Work on the first three rooms was completed over the quarter break, as was work on 242, 287 and 295. The rest of the rooms will be finished during winter quarter on a rolling schedule; one room will always be out of service while it’s being worked on.


In spring quarter Barnum and Batzel expect to move on to the first four rooms scheduled for videoconferencing as well as screencasting, 231, 241, 251 and 271. In a room designed for videoconferencing, there is a device that turns the audio and video at the site from live analog to digital packets that are sent over the Internet, then converts digital signals from the other site back into audio and video. The result is that people gathered in the Mary Gates rooms will be able to see and hear people at a remote site through large, wall mounted monitors. If a laptop or in-room computer is connected to the videoconferencing device, it’s also possible to send PowerPoint presentations or other visual displays to the remote site.

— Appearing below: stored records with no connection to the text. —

definition fund_angle :: "'a set set \<Rightarrow> 'a \<Rightarrow> ('a set \<Rightarrow> real) \<Rightarrow> 'a set \<Rightarrow> 'a \<Rightarrow> 'a \<Rightarrow> real" where
  "fund_angle T r c e u v = half_angle (c e) *
     (of_bool ((u, v) \<in> marked_arcs T r e) - of_bool ((v, u) \<in> marked_arcs T r e))"

definition arc_angle :: "'a set set \<Rightarrow> 'a set set \<Rightarrow> 'a \<Rightarrow> ('a set \<Rightarrow> real) \<Rightarrow> 'a \<Rightarrow> 'a \<Rightarrow> real" where
  "arc_angle E T r c u v = (\<Sum>e\<in>E - T. fund_angle T r c e u v)"

lemma arc_angle_swap: "arc_angle E T r c v u = - arc_angle E T r c u v"
  unfolding arc_angle_def fund_angle_def by (simp add: sum_negf[symmetric] algebra_simps)

lemma abs_fund_angle_le:
  "0 \<le> c e \<Longrightarrow> c e \<le> 2 * pi \<Longrightarrow> \<bar>fund_angle T r c e u v\<bar> \<le> pi / 2"
  using abs_half_angle_le[of "c e"] unfolding fund_angle_def by (auto simp: abs_mult)

lemma prod_cis: "finite A \<Longrightarrow> (\<Prod>i\<in>A. cis (f i)) = cis (\<Sum>i\<in>A. f i)"
  by (induction A rule: finite_induct) (auto simp: cis_mult)

lemma sum_if_first_or_last:
  assumes "2 \<le> (L :: nat)"
  shows "(\<Sum>i<L. if i = 0 \<or> i = L - 1 then h else 0) = 2 * (h :: real)"
proof -
  have "(\<Sum>i<L. if i = 0 \<or> i = L - 1 then h else 0)
      = (\<Sum>i\<in>{0, L - 1}. if i = 0 \<or> i = L - 1 then h else 0)"
    using assms by (intro sum.mono_neutral_right) auto
  also have "\<dots> = 2 * h" using assms by simp
  finally show ?thesis .
qed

The University already has nine videoconferencing rooms in other buildings, and the demand for them is growing, according to Patrick Roberts, associate director of Classroom Support Services. “It’s just so convenient,” he said. “We had a fisheries class that wanted to bring in a guest lecturer from Friday Harbor Labs. Well, normally, that guy would have to get on the ferry, drive down here, give an hour’s lecture and answer questions, then drive back and get on the ferry again. It would take up his whole day. But with videoconferencing, he was able to stay where he was and talk to the students, who had the same rich educational experience as if he had come.”


The use of videoconferencing goes further than the occasional guest lecture. Classroom Support Services staff, for example, use it to meet regularly with their counterparts at UC Berkeley to talk about technology. Graduate students have used it for their final oral exams when one of their committee members is not local. And ASUW committee members have used it to attend meetings when they are studying abroad.


One of the more complex uses of the system is an anthropology class that is team-taught by one professor at the UW and another at WSU. The professors have different areas of expertise, so by joining forces they can give the students a broader experience. They also bring in guest lecturers from both universities to make the class even richer.


“In these economic times, when travel becomes difficult, it really makes sense to go this route,” Roberts said.


One of the goals for the project is to make both screencasting and videoconferencing as simple as possible. Screencasting of a class is scheduled in advance and happens without the instructor having to do anything; videoconferencing will be “as easy as dialing a phone number for the remote site and hitting connect,” Batzel said.


The videoconferencing rooms should be finished by the end of spring quarter, and the summer will be spent working on 389, the auditorium in Mary Gates. It will be equipped for screencasting and videoconferencing, but it will also have a wide screen, HD projection surround sound system.


“In addition to classroom space it will also be a really nice rental space,” Barnum said. “It will be the most flexible room we have in terms of the feature sets it offers.”


Barnum and Batzel say they’ve found the project to be fun and interesting. Both are former student employees of Classroom Support Services who started out running audiovisual equipment for instructors. And that’s given them a good base from which to do their work.


“We have the experience of working with the professors and we can design a room based around what the University’s needs are and not necessarily the cookie cutter A/V room that a contracting company might come in and do,” Batzel said.


“Projects like this are often outsourced to A/V design and integration companies who charge a lot of money for their services,” Aldrich said. “I am fortunate to have very talented people working in my group. They bring a lot of creativity and know-how to the table, and this allows us to do all the design and integration work in-house. There is a huge cost savings for the UW when we can operate this way.”


“It’s been a great collaborative project,” Roberts said. “I said to them, ‘Let’s see if we can do this’ and they just took it and ran with it.”